Die Prioritäten ändern sich
Herbstzeit ist. Wie jedes Jahr die Früchte reifen und die Blätter fallen, so treffen sich jedes Jahr soignierte Herren mit etwas ruppigeren Gesellen, sitzen sich, versorgt mit Leberstreichwurstbrötchen und Kaffee stunden-, tage-, ja nächtelang gegenüber und streiten darüber, was die einen den anderen für ihre Leistungen bezahlen werden.
Das ganze passiert mit großem Brimborium, mit Säbelrasseln auf beiden Seiten und endet doch jedes Mal damit, dass beide nicht bekommen, was sie gefordert haben. Es ist die Zeit der Kollektivvertragsverhandlungen, die die Unternehmer ordentlich Geld kosten, das bei den Arbeitnehmern nicht in voller Höhe ankommt. Weil nämlich der Staat auch noch sein Scherflein abzwackt und sich über die „kalte Progression“ freut.
Vorarlbergs Gewerkschaftsboss Norbert Loacker hat deshalb schon in der Diskussion um eine Steuerreform nicht nur „mehr netto vom Brutto“ gefordert, sondern auch angedeutet, dass sich selbst eingespielte Rituale ändern können. Er könne sich vorstellen, dass man nicht mit den Unternehmern streite, sondern gemeinsam die Regierung zur Rede stelle. Das ist ein Beispiel, wie sich Prioritäten ändern können. Nun hat die Regierung eine kurze Verschnaufpause, weil sie eine Steuersenkung in Aussicht gestellt hat.

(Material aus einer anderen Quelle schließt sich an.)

lemma lebesgue_number_along_path:
  fixes \<gamma> :: "real \<Rightarrow> 'a::metric_space"
  assumes cont: "continuous_on {0..T} \<gamma>" and pos: "\<And>t. t \<in> {0..T} \<Longrightarrow> 0 < \<delta> t \<and> 0 < r t"
  obtains e \<tau> where "0 < e"
    "\<forall>s\<in>{0..T}. \<tau> s \<in> {0..T} \<and> ball (\<gamma> s) e \<subseteq> ball (\<gamma> (\<tau> s)) (r (\<tau> s)) \<and>
        (\<forall>t. \<bar>t - s\<bar> < e \<longrightarrow> \<bar>t - \<tau> s\<bar> < \<delta> (\<tau> s))"
proof -
  let ?K = "(\<lambda>s. (s, \<gamma> s)) ` {0..T}"
  let ?V = "\<lambda>a. ball a (\<delta> a) \<times> ball (\<gamma> a) (r a)"
  have "compact ?K"
    by (intro compact_continuous_image continuous_on_Pair continuous_on_id cont) simp
  moreover have "?K \<subseteq> \<Union> (?V ` {0..T})"
    using pos by force
  ultimately obtain e where e: "0 < e" and cov: "\<And>x. x \<in> ?K \<Longrightarrow> \<exists>V \<in> ?V ` {0..T}. ball x e \<subseteq> V"
    by (rule Heine_Borel_lemma) (auto intro: open_Times)
  have "\<exists>a \<in> {0..T}. ball (\<gamma> s) e \<subseteq> ball (\<gamma> a) (r a) \<and> (\<forall>t. \<bar>t - s\<bar> < e \<longrightarrow> \<bar>t - a\<bar> < \<delta> a)"
    if s: "s \<in> {0..T}" for s
  proof -
    obtain a where a: "a \<in> {0..T}" and sub: "ball (s, \<gamma> s) e \<subseteq> ?V a"
      using cov[of "(s, \<gamma> s)"] s by blast
    have "ball (\<gamma> s) e \<subseteq> ball (\<gamma> a) (r a)"
    proof
      fix z assume "z \<in> ball (\<gamma> s) e"
      then have "(s, z) \<in> ball (s, \<gamma> s) e" by (simp add: dist_Pair_Pair)
      then show "z \<in> ball (\<gamma> a) (r a)" using sub by blast
    qed
    moreover have "\<bar>t - a\<bar> < \<delta> a" if "\<bar>t - s\<bar> < e" for t
    proof -
      have "(t, \<gamma> s) \<in> ball (s, \<gamma> s) e"
        using that by (simp add: dist_Pair_Pair dist_real_def abs_minus_commute)
      then show ?thesis using sub by (auto simp: dist_real_def abs_minus_commute)
    qed
    ultimately show ?thesis using a by blast
  qed
  then obtain \<tau> where "\<forall>s\<in>{0..T}. \<tau> s \<in> {0..T} \<and> ball (\<gamma> s) e \<subseteq> ball (\<gamma> (\<tau> s)) (r (\<tau> s)) \<and>
        (\<forall>t. \<bar>t - s\<bar> < e \<longrightarrow> \<bar>t - \<tau> s\<bar> < \<delta> (\<tau> s))"
    by metis
  with e that show ?thesis by blast
qed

Im Übrigen stellte sich heraus, dass viele Arbeitnehmer im Laufe der Jahre ihre vorrangigen Ziele getauscht haben. Statt auf den Cent zu warten, kann sich ein großer Teil der Arbeitnehmer vorstellen, statt mehr Lohn mehr Freizeit zu beziehen. Ihnen ist offensichtlich wichtiger, mehr Zeit mit der Familie zu verbringen oder einfach auszuspannen.
Die sogenannte Work-Life-Balance, von vielen Unternehmen bei der Suche nach Fachkräften als Trumpfkarte gezückt, ist nicht nur ein Trend, sondern entspricht den Wünschen vieler Menschen, für die Arbeit nicht mehr der einzige Lebensinhalt ist. Sie wollen nicht mehr Überstunden machen, um ein größeres Haus als der Nachbar zu bauen, es ist ihnen egal, ob der Bruder das größere Auto fährt.
Es kann aber auch sein, dass ihnen garantierte Freizeit lieber ist als eine Lohnerhöhung, die diesen Namen nicht verdient. Die einfach nicht mehr daran glauben, dass irgendwann mehr Geld auf ihr Konto wandert. Und Unternehmen, deren Mitarbeiter besonders oft die Freizeitoption wählen, sollten sich Gedanken über die Arbeitsverhältnisse machen.